AIM OF THE EXERCISE ->
When you reach the line with "unfolding factor by (rule integral_lborel_prod_vec(1)[OF" in the data below, begin printing lines exactly, and stop once the line with "unfolding factor integral_lborel_prod_vec(2)[OF g_int]" has been printed.

Stored items
========================
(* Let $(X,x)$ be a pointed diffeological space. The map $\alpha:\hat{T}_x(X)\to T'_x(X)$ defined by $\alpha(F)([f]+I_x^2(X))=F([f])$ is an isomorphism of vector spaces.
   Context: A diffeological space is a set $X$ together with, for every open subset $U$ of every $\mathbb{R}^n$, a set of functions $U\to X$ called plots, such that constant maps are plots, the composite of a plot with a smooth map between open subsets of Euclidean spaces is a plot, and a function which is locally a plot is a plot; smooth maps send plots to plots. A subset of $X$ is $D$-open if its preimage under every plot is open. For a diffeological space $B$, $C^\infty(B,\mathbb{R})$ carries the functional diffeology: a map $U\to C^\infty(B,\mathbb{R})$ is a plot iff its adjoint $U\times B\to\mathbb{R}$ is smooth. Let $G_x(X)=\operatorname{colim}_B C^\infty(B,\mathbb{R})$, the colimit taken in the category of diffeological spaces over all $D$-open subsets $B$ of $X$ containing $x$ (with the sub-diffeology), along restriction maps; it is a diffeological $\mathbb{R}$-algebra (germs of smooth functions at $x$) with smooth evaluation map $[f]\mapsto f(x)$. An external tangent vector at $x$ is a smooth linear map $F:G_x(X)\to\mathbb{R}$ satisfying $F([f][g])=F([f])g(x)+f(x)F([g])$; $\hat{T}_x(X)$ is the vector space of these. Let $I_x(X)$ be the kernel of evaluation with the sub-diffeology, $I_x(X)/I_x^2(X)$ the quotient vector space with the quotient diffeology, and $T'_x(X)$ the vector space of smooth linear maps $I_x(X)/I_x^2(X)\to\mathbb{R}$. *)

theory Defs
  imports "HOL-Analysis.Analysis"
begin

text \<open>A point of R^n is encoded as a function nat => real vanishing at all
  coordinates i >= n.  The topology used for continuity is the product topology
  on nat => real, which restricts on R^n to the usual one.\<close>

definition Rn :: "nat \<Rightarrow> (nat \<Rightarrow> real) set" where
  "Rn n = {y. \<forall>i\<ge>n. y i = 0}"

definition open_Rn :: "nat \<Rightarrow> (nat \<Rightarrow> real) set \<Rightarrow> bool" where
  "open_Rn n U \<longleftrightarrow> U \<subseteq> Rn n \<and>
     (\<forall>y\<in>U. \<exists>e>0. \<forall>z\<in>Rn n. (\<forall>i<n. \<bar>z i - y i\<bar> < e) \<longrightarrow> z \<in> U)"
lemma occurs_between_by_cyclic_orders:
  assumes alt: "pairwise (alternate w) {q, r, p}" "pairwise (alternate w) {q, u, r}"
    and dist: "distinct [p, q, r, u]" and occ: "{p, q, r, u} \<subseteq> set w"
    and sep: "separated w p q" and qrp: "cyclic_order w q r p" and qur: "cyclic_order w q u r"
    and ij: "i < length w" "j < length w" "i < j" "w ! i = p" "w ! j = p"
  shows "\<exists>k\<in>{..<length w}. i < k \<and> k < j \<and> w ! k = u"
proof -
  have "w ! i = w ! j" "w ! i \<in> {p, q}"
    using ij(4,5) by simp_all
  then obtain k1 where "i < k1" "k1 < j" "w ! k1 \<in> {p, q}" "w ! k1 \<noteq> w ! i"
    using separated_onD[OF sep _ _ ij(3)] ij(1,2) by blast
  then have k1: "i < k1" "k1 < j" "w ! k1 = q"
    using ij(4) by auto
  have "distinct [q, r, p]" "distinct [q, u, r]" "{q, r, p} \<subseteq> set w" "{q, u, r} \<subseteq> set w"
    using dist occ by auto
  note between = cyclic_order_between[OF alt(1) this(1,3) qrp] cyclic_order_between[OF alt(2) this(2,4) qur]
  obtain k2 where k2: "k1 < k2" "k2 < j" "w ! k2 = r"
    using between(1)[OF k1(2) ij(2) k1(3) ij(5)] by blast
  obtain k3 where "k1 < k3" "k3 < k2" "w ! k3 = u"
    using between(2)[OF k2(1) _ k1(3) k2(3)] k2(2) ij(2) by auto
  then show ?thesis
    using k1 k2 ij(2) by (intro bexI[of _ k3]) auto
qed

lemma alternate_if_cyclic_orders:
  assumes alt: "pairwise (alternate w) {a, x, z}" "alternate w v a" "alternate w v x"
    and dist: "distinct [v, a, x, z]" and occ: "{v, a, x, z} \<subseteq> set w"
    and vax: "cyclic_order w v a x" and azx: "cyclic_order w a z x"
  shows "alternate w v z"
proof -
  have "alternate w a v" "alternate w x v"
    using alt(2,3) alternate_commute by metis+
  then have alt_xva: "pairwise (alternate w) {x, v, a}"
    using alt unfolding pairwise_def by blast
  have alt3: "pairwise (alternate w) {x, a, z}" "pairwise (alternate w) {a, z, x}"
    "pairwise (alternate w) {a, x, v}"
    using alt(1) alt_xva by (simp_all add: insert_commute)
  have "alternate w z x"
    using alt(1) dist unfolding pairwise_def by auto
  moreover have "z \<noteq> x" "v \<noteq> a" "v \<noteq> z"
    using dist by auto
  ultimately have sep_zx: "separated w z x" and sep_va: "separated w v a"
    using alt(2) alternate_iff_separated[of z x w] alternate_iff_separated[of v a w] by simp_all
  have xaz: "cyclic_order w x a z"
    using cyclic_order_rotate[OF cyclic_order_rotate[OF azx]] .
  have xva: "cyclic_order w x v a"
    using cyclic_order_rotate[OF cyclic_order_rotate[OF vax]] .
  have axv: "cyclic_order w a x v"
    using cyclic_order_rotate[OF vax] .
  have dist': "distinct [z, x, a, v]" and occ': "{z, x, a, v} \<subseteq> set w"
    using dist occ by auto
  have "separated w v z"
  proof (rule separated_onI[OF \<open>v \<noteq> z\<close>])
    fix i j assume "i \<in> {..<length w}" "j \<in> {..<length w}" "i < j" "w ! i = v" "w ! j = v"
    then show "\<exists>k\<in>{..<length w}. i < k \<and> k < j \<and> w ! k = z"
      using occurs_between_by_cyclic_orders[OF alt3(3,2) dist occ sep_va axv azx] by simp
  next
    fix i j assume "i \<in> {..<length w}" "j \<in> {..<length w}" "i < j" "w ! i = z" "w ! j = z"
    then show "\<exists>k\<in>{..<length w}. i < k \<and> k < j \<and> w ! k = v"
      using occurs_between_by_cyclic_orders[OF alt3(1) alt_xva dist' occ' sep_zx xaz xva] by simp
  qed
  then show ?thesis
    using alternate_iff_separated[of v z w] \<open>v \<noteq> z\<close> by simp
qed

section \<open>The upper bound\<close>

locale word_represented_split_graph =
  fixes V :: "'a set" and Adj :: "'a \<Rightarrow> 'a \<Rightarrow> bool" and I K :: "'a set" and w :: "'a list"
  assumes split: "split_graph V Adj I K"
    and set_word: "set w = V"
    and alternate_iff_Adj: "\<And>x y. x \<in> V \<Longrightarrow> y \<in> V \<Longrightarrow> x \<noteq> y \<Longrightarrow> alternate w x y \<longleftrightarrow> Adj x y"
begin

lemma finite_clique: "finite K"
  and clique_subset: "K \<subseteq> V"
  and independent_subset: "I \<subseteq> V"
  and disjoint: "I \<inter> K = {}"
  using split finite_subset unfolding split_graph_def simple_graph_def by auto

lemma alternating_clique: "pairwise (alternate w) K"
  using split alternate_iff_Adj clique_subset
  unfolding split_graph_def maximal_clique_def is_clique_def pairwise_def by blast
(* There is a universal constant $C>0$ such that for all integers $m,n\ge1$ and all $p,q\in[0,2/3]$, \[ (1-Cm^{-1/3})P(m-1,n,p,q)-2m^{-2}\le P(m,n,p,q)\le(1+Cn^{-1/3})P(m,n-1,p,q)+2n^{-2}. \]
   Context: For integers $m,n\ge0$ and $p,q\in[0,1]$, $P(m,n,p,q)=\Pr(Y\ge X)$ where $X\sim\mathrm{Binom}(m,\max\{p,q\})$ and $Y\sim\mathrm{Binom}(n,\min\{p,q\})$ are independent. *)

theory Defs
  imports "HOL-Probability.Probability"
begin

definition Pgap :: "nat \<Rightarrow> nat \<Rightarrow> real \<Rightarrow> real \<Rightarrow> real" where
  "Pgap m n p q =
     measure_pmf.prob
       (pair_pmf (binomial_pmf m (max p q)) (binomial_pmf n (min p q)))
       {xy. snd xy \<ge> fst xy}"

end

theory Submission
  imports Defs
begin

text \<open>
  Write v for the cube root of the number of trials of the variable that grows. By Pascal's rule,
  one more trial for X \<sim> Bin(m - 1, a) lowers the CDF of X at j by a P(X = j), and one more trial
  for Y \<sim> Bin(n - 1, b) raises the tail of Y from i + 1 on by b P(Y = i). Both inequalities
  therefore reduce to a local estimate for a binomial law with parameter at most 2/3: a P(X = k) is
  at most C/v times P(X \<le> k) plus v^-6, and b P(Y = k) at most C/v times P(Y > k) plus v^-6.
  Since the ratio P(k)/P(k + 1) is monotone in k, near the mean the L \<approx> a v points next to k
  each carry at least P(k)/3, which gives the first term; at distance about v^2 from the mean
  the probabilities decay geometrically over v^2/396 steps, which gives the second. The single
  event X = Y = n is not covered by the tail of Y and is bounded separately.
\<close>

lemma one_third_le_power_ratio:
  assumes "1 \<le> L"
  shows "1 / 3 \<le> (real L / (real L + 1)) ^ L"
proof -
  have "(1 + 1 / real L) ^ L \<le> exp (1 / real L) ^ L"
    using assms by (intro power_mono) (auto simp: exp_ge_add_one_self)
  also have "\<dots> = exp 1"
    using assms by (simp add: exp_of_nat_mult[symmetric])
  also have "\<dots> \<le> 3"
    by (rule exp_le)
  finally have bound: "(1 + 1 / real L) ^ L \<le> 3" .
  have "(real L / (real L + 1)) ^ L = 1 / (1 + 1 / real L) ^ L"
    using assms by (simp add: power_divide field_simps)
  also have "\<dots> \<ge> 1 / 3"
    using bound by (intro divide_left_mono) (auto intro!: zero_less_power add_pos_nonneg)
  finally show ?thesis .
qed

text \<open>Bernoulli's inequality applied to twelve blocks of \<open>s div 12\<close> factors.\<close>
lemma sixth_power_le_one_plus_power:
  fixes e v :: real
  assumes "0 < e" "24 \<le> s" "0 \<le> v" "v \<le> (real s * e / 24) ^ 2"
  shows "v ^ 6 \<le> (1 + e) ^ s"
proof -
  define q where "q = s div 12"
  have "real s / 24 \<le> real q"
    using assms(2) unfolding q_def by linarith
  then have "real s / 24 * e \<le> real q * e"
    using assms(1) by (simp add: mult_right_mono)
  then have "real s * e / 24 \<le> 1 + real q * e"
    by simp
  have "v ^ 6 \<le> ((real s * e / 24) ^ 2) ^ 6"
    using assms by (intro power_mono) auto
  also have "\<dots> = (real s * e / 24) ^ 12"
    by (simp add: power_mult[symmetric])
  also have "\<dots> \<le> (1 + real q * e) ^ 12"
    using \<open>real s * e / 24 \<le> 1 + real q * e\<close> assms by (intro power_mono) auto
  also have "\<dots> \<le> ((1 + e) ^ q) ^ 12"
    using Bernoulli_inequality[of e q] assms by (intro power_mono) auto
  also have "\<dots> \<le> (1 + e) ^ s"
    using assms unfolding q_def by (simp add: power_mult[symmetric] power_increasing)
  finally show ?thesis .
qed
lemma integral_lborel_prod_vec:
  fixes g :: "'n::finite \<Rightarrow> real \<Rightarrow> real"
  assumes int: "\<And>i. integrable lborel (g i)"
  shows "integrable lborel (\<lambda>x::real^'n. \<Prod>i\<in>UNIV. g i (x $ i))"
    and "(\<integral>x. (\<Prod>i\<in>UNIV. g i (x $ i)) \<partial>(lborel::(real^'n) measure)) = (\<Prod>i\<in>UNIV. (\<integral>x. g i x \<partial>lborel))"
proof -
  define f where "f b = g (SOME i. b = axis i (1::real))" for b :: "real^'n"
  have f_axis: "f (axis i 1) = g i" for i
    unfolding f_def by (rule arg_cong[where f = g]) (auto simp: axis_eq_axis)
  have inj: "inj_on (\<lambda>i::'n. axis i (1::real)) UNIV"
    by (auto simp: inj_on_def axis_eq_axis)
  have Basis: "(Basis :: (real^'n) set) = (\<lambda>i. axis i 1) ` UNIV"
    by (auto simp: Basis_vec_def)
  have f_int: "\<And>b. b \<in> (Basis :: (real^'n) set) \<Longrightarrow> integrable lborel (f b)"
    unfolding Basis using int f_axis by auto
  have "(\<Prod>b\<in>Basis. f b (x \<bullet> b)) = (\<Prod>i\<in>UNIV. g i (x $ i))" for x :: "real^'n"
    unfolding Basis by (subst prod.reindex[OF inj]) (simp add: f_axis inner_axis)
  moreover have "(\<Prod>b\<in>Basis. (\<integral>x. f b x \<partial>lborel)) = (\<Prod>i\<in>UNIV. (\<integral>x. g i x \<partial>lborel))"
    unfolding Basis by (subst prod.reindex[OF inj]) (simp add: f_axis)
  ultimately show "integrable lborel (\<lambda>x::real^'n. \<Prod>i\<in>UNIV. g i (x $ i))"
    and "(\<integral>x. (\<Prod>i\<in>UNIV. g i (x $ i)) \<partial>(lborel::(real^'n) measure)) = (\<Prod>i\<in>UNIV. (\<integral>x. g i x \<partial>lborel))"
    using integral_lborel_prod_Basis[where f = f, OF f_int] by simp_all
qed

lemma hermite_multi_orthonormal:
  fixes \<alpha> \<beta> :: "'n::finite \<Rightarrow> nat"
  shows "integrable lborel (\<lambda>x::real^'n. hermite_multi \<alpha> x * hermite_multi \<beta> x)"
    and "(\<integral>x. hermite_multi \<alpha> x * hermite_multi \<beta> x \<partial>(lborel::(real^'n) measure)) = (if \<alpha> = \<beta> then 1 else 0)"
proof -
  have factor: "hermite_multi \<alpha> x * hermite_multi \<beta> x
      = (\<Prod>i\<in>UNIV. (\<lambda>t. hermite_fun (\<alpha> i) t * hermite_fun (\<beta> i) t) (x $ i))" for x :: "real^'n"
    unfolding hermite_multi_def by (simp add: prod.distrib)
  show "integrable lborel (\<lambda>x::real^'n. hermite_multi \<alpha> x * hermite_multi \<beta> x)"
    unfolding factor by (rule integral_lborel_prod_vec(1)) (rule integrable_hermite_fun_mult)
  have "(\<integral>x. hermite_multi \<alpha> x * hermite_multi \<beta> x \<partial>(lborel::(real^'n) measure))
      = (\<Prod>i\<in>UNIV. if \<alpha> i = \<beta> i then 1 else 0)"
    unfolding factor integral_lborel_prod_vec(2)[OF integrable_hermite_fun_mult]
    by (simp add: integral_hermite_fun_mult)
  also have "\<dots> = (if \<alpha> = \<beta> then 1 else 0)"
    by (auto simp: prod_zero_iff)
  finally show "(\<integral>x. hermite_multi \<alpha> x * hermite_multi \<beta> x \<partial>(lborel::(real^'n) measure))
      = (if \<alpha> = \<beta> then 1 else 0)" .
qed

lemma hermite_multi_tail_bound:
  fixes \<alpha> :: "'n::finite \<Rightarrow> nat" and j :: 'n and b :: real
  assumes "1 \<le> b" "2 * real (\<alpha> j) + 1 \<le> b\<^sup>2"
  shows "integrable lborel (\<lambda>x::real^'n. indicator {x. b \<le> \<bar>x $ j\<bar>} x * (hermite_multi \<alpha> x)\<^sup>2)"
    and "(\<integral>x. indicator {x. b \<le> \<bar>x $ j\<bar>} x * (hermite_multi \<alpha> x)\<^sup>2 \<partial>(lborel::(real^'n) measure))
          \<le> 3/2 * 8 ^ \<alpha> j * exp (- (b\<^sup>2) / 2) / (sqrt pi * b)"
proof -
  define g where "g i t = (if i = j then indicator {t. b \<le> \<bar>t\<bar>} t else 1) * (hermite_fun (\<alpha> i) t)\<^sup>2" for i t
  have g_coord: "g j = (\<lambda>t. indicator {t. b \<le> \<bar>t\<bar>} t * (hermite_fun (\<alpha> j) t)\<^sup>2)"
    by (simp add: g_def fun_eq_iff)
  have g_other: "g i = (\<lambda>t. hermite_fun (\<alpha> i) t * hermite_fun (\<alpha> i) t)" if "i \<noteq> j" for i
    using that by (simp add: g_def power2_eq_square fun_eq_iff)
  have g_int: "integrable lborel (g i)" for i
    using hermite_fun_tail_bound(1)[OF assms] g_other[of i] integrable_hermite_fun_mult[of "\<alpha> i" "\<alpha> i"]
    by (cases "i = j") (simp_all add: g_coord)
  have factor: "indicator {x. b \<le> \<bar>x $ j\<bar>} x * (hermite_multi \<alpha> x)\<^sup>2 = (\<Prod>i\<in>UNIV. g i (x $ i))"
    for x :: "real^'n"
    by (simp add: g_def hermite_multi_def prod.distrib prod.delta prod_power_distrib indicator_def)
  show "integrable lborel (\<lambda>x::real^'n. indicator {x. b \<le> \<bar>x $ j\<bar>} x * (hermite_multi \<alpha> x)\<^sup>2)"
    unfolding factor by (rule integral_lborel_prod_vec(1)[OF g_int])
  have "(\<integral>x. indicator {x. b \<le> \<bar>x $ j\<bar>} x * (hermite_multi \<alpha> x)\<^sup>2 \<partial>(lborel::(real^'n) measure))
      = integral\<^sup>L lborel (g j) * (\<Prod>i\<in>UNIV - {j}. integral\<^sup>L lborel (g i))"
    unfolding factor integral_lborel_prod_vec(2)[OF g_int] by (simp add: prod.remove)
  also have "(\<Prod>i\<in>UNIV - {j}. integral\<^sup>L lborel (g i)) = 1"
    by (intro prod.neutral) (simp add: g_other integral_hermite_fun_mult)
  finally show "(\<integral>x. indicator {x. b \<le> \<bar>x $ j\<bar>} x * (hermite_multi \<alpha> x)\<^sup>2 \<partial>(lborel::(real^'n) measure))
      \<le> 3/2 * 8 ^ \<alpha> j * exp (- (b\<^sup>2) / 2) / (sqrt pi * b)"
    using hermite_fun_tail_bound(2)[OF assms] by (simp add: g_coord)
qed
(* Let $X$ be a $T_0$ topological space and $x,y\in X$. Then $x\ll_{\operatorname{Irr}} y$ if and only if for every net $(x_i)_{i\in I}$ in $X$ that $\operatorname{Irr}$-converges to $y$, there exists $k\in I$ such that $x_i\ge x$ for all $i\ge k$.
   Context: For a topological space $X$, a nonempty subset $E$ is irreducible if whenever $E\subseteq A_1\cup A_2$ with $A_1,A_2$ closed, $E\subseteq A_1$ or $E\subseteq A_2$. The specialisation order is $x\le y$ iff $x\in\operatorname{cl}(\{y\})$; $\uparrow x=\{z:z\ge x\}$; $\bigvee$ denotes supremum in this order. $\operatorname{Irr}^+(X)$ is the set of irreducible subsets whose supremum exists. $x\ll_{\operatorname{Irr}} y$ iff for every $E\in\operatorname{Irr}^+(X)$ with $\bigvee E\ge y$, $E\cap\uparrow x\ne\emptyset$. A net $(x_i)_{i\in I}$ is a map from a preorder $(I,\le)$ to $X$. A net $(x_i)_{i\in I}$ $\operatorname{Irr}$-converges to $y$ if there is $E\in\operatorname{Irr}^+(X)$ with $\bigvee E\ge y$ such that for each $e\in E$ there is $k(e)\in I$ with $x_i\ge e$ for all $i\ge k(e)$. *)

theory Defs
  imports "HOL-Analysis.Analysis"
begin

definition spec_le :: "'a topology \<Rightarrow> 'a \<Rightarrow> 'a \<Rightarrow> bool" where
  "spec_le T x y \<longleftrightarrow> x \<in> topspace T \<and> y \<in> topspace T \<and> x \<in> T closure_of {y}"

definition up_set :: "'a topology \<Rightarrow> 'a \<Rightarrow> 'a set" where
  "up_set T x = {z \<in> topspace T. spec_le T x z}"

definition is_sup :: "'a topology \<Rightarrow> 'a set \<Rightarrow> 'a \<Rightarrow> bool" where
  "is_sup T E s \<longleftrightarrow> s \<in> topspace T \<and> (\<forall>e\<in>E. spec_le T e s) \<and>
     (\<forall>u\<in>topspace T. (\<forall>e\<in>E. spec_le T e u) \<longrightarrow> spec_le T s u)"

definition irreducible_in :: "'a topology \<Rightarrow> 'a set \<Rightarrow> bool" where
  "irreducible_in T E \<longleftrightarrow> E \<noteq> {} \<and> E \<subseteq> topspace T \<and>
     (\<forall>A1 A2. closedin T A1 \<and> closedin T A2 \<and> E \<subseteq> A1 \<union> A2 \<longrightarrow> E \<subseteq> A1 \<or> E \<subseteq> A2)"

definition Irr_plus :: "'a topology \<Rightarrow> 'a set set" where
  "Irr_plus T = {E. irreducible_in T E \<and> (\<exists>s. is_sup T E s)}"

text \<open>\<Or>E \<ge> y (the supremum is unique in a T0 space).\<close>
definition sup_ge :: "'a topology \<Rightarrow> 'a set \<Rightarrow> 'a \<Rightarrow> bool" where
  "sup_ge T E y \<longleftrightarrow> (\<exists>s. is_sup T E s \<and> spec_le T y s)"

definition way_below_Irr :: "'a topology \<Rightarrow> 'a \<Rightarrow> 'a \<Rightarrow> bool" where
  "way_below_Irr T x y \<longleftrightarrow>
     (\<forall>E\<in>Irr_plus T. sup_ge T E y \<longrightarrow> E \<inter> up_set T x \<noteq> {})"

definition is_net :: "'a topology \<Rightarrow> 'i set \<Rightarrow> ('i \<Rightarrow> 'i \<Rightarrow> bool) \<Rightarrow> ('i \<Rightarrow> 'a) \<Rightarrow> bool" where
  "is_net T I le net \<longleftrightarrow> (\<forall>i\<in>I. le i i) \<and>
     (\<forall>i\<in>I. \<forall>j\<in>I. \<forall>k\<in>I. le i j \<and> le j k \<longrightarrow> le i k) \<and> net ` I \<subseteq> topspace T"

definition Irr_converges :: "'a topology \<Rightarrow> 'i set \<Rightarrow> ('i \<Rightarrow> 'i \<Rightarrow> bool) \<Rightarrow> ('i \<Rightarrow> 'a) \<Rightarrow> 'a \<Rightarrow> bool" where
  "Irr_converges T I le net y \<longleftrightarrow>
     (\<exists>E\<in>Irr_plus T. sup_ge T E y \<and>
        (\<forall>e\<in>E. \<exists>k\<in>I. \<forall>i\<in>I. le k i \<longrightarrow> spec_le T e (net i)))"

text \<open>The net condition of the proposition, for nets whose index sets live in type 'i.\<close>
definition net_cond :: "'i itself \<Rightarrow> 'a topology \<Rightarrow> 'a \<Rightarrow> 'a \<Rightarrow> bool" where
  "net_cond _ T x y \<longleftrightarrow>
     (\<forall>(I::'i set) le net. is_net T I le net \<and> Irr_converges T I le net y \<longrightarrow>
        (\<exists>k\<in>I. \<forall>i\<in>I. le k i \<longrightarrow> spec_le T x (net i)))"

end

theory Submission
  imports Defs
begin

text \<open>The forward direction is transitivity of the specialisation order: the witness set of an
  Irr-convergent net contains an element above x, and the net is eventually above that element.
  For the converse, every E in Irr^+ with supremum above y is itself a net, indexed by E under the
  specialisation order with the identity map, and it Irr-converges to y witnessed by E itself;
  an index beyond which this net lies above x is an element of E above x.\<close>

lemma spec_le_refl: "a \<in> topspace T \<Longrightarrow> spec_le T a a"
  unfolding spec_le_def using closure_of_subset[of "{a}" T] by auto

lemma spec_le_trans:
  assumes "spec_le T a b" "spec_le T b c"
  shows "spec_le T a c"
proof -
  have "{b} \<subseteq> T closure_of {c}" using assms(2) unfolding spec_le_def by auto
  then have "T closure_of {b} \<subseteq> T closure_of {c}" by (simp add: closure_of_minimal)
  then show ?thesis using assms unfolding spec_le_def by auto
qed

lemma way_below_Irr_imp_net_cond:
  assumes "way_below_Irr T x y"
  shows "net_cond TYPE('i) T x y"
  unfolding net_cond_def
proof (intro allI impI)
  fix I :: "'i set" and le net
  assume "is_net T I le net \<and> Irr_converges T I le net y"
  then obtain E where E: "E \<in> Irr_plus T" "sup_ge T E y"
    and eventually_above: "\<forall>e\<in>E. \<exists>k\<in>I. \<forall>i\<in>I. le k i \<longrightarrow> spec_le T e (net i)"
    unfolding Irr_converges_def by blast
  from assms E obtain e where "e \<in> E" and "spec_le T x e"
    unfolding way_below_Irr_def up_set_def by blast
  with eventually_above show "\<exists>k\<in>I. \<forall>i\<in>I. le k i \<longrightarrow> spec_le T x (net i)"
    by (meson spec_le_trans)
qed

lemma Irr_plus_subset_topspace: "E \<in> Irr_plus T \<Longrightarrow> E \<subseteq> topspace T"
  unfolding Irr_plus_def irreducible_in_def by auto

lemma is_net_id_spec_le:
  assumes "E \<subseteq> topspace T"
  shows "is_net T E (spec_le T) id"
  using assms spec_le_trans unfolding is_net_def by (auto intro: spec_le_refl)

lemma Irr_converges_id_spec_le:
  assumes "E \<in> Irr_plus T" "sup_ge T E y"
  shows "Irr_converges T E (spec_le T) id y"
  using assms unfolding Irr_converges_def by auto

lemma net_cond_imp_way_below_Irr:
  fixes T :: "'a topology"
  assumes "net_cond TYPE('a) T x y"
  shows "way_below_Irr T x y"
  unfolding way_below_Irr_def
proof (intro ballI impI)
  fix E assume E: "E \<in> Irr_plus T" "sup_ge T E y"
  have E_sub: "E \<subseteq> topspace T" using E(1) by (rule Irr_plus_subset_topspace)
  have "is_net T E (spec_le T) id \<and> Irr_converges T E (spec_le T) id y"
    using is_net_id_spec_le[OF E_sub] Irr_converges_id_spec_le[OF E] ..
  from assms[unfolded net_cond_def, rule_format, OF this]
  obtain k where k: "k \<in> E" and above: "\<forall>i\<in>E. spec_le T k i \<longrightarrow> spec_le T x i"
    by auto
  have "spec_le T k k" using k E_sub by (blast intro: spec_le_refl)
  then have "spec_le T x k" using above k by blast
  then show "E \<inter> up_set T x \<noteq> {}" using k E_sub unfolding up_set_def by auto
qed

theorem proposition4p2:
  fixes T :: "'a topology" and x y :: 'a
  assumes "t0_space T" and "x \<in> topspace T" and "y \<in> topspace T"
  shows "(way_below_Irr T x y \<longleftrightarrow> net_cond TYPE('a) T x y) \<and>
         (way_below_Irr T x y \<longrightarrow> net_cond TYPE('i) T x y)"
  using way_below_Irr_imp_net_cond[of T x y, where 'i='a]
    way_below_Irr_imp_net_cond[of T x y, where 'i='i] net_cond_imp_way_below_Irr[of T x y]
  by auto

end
========================
ANSWER FOR THIS EXERCISE ->
    unfolding factor by (rule integral_lborel_prod_vec(1)[OF g_int])
  have "(\<integral>x. indicator {x. b \<le> \<bar>x $ j\<bar>} x * (hermite_multi \<alpha> x)\<^sup>2 \<partial>(lborel::(real^'n) measure))
      = integral\<^sup>L lborel (g j) * (\<Prod>i\<in>UNIV - {j}. integral\<^sup>L lborel (g i))"
    unfolding factor integral_lborel_prod_vec(2)[OF g_int] by (simp add: prod.remove)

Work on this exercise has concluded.